*** RECORD EXCERPTS ***

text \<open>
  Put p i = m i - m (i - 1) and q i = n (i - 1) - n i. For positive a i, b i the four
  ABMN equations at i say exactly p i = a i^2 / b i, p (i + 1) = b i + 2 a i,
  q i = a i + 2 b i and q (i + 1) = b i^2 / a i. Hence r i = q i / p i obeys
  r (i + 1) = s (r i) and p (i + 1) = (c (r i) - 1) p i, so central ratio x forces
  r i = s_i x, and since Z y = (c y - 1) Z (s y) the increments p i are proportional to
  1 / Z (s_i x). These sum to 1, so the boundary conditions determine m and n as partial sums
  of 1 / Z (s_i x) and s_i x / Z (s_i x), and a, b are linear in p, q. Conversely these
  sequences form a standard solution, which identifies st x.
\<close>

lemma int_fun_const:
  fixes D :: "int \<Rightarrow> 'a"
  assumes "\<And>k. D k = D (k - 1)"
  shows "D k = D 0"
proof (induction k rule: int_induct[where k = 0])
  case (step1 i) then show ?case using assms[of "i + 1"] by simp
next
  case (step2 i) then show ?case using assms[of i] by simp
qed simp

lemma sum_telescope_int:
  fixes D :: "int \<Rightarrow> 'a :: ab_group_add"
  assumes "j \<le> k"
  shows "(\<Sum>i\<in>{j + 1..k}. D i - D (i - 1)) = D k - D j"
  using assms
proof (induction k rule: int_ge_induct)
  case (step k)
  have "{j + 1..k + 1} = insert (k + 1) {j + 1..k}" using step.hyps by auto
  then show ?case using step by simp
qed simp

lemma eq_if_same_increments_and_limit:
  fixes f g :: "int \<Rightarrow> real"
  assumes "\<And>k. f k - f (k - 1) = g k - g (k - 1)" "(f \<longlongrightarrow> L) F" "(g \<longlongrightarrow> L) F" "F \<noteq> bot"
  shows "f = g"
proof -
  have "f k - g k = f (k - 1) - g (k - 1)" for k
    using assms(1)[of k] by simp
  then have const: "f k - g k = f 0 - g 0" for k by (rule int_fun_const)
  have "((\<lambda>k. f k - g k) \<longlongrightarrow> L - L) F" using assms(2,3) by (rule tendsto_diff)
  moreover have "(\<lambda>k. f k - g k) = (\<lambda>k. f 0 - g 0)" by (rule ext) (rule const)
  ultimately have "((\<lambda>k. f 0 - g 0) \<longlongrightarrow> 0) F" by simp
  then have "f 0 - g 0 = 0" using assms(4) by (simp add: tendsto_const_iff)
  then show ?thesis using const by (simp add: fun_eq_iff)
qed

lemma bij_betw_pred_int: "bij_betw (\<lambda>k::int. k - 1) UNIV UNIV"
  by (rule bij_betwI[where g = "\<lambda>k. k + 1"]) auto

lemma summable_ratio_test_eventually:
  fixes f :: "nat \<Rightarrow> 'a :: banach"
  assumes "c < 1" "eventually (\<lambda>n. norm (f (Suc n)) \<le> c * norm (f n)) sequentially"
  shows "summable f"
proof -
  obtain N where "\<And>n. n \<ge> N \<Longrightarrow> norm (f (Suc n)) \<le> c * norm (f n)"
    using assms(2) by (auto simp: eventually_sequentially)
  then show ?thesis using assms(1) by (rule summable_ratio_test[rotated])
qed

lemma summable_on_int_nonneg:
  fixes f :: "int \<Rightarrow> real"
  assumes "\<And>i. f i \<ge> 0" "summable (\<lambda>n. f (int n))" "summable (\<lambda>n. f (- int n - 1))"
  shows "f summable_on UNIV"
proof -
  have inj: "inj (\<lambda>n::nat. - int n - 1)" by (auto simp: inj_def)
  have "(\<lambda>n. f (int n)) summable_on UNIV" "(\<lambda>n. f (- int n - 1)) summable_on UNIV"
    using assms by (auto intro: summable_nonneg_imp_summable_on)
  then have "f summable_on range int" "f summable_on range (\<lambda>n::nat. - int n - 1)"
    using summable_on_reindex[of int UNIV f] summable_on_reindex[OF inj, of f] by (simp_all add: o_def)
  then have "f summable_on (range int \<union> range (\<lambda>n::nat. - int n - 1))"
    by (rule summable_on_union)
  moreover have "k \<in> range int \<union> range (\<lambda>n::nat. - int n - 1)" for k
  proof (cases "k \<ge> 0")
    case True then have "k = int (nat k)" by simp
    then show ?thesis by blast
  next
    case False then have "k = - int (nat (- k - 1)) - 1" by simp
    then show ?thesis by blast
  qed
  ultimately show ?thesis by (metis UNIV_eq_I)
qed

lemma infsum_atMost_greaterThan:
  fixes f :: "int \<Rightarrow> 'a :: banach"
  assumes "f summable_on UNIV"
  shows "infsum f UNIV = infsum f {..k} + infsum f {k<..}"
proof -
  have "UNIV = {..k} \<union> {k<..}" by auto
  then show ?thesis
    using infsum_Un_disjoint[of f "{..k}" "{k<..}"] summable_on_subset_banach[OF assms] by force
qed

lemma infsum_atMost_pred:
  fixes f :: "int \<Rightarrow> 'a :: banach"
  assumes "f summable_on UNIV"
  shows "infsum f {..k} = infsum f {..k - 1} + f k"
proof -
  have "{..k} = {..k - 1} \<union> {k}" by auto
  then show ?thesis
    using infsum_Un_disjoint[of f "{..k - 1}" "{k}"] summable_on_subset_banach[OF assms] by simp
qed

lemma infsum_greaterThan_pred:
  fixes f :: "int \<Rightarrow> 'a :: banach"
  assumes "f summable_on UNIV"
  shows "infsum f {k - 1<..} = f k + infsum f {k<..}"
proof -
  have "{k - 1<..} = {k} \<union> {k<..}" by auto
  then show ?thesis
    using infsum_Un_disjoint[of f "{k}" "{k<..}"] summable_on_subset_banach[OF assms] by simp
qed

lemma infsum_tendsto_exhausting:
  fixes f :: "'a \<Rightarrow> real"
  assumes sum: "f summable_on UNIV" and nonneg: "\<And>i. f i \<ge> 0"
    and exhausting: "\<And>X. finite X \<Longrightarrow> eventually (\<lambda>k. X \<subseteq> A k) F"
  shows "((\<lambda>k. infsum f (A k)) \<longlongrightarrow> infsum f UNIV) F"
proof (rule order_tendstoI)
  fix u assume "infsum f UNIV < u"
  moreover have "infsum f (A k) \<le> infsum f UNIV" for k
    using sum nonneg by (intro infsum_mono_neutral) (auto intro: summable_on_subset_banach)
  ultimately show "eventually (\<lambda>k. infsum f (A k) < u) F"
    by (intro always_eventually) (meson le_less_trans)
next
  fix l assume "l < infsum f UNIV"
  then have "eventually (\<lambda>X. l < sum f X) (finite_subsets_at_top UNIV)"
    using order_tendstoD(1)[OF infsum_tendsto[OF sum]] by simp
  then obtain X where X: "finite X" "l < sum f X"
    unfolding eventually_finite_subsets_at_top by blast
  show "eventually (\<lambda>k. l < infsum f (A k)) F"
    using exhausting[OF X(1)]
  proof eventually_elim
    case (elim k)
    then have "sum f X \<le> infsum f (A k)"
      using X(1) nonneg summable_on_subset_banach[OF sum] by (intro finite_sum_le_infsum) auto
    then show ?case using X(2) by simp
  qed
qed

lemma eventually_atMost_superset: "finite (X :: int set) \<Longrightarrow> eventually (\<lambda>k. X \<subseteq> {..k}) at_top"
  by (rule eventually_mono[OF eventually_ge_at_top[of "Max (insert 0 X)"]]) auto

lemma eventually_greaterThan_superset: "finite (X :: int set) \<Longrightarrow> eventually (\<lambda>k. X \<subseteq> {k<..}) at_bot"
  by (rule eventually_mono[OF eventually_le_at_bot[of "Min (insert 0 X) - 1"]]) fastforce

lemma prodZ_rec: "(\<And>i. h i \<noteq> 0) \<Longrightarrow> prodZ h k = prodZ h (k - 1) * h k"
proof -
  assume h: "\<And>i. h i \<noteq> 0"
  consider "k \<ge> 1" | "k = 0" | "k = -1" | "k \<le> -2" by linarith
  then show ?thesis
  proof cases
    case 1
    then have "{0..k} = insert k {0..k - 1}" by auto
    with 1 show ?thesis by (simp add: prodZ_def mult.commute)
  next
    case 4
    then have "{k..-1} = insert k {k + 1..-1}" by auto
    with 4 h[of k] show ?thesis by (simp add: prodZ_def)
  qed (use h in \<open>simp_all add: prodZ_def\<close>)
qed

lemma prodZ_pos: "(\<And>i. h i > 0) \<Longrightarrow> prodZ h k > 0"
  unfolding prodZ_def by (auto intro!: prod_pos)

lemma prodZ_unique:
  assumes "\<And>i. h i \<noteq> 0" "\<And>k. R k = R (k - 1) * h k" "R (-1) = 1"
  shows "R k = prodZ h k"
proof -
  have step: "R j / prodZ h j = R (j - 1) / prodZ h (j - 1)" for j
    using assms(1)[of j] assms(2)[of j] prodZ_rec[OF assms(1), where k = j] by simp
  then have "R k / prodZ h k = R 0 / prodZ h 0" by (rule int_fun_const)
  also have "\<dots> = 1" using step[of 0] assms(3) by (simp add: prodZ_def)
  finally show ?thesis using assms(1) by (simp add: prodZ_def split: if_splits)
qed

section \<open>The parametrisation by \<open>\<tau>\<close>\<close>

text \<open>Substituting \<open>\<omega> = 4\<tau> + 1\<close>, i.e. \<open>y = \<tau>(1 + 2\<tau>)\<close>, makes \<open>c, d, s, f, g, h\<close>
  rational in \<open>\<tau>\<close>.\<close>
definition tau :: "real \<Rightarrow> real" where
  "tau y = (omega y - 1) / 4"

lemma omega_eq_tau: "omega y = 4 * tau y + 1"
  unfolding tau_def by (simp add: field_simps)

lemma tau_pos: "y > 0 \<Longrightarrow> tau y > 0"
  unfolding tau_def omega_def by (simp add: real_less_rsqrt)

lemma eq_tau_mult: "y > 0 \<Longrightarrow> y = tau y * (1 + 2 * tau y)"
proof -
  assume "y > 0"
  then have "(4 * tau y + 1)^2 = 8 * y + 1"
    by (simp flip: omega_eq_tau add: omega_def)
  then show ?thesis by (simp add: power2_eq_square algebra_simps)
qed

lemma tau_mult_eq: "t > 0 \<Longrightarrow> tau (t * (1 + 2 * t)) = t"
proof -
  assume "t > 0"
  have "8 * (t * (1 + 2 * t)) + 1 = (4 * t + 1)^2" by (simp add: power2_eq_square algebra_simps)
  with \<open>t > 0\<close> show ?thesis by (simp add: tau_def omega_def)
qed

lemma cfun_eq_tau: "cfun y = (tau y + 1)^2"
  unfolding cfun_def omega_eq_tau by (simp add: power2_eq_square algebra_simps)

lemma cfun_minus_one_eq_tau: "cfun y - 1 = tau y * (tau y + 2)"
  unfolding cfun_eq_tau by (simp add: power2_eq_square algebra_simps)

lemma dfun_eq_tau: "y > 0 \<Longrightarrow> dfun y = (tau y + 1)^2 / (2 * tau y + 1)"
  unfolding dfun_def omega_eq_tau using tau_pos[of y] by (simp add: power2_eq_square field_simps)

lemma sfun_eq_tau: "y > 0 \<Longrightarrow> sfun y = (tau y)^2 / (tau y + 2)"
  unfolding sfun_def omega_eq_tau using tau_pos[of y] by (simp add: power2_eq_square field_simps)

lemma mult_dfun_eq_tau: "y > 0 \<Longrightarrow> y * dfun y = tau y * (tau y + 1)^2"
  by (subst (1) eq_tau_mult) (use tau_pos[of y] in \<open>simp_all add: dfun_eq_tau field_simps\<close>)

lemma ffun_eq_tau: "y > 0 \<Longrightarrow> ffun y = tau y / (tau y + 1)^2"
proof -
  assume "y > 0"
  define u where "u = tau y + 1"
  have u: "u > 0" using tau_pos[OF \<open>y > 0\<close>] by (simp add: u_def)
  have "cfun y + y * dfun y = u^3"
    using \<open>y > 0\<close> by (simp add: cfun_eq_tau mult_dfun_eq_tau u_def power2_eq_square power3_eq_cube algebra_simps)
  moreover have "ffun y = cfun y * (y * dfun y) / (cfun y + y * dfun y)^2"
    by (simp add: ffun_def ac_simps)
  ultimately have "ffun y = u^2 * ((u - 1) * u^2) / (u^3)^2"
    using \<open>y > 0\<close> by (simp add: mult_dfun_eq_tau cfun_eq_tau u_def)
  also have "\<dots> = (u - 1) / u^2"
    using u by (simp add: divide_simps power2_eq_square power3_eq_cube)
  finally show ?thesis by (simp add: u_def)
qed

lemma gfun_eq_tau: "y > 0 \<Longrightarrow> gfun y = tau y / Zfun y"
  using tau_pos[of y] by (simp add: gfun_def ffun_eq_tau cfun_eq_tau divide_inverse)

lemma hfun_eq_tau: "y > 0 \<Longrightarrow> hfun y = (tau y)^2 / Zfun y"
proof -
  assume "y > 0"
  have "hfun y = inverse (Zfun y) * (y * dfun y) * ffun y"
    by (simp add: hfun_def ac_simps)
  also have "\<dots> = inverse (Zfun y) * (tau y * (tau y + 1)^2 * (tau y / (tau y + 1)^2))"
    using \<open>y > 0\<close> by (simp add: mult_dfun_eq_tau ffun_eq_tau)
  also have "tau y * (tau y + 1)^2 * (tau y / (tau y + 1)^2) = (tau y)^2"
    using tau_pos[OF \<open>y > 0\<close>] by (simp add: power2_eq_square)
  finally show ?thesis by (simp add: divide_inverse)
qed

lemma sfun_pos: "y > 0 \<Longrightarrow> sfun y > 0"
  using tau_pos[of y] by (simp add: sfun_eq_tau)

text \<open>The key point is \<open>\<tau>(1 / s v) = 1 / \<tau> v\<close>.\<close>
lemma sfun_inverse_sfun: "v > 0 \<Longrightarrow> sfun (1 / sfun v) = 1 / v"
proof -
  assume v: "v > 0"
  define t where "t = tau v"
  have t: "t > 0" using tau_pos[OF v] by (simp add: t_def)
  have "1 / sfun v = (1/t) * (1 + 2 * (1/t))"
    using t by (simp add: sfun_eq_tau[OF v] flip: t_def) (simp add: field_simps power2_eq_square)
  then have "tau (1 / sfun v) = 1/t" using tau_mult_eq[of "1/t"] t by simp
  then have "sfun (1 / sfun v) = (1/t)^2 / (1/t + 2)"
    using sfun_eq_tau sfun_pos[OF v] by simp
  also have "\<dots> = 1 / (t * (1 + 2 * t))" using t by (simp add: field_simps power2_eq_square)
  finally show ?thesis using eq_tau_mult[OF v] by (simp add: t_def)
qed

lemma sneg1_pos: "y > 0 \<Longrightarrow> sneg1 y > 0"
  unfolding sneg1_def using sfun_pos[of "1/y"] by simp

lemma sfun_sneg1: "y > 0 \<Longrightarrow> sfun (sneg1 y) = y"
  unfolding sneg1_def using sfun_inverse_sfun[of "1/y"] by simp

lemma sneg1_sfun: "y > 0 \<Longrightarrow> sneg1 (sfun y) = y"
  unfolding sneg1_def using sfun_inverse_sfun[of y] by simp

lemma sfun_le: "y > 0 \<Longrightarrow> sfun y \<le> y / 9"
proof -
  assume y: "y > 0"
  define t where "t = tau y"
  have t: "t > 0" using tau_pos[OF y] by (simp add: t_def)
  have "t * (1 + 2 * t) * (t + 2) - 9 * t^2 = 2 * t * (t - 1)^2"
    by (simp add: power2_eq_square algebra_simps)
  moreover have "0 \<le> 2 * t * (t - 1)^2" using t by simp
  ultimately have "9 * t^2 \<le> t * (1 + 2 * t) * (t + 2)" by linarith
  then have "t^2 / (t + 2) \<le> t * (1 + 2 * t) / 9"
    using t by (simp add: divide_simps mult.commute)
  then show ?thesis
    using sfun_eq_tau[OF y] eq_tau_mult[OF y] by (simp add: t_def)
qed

*** End of RECORD EXCERPTS ***

From the data above, state how many lines hold the string "linarith", and give the number without other words.

2